═════ DATA RECORDS

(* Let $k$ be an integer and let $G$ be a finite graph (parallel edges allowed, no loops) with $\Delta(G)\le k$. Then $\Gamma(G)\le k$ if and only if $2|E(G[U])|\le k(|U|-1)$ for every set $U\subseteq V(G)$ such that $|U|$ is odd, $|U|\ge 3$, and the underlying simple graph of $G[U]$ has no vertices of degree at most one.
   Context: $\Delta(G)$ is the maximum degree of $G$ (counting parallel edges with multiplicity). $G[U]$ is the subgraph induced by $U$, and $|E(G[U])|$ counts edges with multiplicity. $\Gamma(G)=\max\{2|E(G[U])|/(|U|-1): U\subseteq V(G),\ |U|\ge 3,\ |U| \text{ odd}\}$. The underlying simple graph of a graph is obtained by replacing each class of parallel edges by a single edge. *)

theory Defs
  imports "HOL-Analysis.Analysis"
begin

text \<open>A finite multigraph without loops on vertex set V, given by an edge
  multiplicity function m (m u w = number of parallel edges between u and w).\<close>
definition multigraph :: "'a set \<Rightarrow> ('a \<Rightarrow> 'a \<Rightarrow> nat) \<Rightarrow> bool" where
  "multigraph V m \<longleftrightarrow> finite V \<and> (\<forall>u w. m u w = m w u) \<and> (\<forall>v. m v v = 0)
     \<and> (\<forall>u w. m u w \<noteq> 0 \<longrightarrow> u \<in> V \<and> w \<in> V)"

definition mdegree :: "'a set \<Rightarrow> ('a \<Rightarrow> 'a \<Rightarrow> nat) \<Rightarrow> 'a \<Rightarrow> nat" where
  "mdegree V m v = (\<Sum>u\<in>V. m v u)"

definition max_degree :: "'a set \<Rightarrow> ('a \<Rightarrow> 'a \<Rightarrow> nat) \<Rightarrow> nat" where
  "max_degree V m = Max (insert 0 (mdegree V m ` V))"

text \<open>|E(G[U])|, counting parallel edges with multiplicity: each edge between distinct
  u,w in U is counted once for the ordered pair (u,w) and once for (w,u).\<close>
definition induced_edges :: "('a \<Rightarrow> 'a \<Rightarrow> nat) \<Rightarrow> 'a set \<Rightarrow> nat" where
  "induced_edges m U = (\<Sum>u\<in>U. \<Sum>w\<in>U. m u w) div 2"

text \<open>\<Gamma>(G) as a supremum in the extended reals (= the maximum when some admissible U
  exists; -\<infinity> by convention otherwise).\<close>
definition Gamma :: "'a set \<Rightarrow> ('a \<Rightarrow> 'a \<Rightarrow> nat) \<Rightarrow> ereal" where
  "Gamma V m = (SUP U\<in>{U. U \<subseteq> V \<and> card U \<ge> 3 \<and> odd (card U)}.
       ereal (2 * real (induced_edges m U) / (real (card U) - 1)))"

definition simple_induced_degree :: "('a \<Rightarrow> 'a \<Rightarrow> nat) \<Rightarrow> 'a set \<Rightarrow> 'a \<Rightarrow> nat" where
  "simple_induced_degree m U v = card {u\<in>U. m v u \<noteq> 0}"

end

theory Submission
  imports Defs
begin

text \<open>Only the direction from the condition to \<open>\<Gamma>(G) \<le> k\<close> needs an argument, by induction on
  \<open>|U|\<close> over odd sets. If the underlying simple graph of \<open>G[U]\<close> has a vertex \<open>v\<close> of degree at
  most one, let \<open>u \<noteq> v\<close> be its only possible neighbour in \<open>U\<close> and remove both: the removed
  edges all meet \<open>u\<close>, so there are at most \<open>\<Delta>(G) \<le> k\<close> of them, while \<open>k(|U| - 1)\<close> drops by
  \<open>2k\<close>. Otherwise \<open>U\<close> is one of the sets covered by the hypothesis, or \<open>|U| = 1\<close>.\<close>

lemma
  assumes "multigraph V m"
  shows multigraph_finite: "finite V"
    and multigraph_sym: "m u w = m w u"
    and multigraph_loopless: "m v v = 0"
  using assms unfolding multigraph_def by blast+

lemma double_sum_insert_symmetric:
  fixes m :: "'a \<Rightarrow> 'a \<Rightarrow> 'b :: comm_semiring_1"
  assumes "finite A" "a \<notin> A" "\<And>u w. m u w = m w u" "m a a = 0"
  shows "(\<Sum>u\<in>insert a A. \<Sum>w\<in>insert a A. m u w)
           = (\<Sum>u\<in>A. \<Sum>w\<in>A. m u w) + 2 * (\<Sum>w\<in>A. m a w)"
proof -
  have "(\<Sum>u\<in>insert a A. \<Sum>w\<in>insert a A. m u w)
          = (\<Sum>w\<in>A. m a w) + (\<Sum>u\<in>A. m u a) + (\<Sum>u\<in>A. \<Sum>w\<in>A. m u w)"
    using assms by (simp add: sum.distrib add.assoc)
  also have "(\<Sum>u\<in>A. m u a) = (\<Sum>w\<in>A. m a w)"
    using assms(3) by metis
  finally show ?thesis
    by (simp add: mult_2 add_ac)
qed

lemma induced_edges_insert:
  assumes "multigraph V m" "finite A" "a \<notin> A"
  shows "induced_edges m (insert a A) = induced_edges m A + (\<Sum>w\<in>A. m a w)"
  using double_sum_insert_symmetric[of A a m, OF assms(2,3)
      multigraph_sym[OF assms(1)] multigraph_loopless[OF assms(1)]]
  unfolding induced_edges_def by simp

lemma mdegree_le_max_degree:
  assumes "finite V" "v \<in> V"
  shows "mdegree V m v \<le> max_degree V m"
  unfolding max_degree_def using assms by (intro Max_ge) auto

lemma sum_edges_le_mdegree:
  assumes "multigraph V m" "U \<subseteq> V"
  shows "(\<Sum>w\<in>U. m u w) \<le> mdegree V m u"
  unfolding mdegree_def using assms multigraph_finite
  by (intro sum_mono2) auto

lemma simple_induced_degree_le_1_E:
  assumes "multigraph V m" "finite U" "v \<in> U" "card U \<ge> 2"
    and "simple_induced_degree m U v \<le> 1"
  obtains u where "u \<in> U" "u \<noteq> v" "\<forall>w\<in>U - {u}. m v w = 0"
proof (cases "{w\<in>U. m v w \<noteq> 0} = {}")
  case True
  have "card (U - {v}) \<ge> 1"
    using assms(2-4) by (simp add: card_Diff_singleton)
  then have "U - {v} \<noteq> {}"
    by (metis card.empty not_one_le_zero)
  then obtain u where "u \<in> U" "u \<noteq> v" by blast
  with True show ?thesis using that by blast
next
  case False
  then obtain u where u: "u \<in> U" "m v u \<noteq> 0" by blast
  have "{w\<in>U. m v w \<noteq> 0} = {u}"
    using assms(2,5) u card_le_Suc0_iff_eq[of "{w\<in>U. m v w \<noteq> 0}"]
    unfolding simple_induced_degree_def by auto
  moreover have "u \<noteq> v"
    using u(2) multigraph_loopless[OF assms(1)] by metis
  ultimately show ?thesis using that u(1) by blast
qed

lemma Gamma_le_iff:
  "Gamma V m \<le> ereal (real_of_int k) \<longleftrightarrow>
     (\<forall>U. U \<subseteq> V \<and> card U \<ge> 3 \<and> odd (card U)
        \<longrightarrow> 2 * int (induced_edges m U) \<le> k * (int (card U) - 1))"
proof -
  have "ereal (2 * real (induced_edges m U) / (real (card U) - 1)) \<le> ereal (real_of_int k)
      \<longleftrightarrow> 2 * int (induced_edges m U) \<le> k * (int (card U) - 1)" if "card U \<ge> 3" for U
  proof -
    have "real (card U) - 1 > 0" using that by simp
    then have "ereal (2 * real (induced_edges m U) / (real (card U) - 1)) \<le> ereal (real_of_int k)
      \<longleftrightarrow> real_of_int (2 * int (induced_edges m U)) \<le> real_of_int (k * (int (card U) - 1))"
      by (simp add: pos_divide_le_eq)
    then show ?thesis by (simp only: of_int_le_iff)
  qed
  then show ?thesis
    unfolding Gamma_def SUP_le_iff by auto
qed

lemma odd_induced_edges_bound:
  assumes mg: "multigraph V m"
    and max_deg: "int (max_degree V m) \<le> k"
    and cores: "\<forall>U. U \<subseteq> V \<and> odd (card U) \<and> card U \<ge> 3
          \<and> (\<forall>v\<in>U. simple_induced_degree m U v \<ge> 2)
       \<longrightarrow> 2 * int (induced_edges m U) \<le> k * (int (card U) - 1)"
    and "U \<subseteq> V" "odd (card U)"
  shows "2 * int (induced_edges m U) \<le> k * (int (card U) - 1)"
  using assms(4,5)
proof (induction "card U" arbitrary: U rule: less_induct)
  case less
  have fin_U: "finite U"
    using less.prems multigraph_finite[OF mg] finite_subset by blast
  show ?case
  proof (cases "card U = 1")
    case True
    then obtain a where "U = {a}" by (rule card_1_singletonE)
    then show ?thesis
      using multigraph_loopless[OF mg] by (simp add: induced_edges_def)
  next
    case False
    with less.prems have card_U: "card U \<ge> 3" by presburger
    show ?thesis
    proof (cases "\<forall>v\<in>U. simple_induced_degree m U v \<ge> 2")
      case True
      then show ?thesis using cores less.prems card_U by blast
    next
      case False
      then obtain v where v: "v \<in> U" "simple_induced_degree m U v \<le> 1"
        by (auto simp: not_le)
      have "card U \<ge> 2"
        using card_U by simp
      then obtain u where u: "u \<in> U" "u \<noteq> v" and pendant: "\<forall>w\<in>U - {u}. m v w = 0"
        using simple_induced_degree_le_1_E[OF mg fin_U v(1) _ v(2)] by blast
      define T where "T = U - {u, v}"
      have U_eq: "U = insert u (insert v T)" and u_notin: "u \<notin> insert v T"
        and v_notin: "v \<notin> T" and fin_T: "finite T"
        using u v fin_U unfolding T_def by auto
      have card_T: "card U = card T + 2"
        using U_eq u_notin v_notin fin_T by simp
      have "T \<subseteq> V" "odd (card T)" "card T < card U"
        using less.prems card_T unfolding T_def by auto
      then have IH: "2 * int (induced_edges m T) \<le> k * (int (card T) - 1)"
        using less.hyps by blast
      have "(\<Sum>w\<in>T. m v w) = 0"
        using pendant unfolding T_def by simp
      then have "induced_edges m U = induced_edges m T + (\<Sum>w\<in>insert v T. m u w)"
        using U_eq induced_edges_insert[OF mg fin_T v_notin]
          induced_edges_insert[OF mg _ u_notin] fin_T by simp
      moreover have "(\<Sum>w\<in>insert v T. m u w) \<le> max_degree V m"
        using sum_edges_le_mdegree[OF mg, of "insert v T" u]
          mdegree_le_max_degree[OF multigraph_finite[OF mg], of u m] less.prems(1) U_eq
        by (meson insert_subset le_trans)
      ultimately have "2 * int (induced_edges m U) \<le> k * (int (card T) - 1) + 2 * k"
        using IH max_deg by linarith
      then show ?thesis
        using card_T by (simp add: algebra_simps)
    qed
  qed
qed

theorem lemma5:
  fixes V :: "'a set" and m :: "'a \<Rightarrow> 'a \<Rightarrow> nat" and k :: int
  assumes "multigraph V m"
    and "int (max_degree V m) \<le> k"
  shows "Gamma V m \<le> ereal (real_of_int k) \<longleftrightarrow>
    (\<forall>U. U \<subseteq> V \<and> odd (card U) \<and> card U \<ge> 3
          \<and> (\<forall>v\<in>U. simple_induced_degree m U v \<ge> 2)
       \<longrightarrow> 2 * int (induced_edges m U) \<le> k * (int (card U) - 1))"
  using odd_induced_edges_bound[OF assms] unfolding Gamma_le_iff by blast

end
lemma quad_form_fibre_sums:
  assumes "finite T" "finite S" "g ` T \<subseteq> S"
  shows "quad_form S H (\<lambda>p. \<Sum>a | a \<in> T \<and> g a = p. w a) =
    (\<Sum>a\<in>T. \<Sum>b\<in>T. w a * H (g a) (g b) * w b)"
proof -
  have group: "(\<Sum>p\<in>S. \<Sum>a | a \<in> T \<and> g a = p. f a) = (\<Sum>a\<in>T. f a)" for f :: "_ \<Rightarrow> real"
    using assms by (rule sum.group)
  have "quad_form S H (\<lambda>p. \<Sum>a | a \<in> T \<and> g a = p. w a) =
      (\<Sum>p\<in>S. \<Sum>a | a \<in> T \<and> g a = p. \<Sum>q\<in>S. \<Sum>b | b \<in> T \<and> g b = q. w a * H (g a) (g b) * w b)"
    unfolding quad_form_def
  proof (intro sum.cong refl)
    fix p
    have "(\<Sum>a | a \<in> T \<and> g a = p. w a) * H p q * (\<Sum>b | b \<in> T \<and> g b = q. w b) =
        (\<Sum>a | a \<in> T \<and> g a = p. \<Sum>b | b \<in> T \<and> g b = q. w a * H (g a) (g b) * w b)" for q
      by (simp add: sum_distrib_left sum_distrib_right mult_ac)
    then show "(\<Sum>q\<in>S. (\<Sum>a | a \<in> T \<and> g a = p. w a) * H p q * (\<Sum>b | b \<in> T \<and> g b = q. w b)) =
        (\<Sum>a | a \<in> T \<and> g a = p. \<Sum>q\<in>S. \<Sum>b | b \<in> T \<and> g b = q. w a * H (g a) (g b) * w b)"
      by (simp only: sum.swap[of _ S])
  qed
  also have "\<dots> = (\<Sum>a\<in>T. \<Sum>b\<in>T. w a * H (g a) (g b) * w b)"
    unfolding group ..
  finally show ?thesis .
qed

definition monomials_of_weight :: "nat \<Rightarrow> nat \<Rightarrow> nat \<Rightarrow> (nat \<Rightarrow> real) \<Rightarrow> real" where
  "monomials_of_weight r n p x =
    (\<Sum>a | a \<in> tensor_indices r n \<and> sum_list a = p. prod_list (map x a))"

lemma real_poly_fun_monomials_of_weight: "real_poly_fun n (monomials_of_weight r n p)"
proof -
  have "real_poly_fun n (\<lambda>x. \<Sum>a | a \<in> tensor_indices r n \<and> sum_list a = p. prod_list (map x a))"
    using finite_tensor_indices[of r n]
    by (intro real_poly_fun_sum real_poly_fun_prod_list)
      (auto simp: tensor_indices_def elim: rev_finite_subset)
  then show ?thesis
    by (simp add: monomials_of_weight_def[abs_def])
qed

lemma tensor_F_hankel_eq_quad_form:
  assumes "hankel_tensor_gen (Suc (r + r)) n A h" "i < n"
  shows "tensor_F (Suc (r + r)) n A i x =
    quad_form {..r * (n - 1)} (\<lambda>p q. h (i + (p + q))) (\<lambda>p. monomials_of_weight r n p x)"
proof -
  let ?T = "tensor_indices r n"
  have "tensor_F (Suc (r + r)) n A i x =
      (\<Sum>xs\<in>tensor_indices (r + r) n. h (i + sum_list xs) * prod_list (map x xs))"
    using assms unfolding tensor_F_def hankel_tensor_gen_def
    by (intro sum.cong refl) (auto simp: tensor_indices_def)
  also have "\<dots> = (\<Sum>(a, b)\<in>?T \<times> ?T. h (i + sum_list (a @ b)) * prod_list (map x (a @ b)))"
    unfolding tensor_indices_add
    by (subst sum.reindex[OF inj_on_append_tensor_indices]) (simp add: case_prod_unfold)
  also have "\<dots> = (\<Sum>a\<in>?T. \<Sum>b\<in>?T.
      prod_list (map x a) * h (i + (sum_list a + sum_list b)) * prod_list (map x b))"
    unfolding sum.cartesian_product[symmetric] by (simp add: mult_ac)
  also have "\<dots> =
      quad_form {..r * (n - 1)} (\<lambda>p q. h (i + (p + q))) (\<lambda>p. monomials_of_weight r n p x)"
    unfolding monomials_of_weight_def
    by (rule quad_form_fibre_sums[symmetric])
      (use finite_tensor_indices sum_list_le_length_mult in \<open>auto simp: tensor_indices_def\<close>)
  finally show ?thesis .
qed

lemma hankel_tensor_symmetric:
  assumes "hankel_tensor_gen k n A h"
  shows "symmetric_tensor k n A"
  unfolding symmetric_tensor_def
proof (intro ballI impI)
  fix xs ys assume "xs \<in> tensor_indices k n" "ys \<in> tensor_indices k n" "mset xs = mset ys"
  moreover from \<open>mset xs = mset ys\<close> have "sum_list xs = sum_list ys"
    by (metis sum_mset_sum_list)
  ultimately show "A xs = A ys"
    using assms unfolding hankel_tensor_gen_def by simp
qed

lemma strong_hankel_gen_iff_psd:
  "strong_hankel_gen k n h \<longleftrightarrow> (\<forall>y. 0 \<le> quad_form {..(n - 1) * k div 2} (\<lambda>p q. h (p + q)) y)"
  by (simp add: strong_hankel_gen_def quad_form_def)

══════════

▶ **TASK BRIEF**
Scan the records above for the word "imports". Copy each line that has it.

▶ **COMPLETED EXERCISE**
  imports "HOL-Analysis.Analysis"
  imports Defs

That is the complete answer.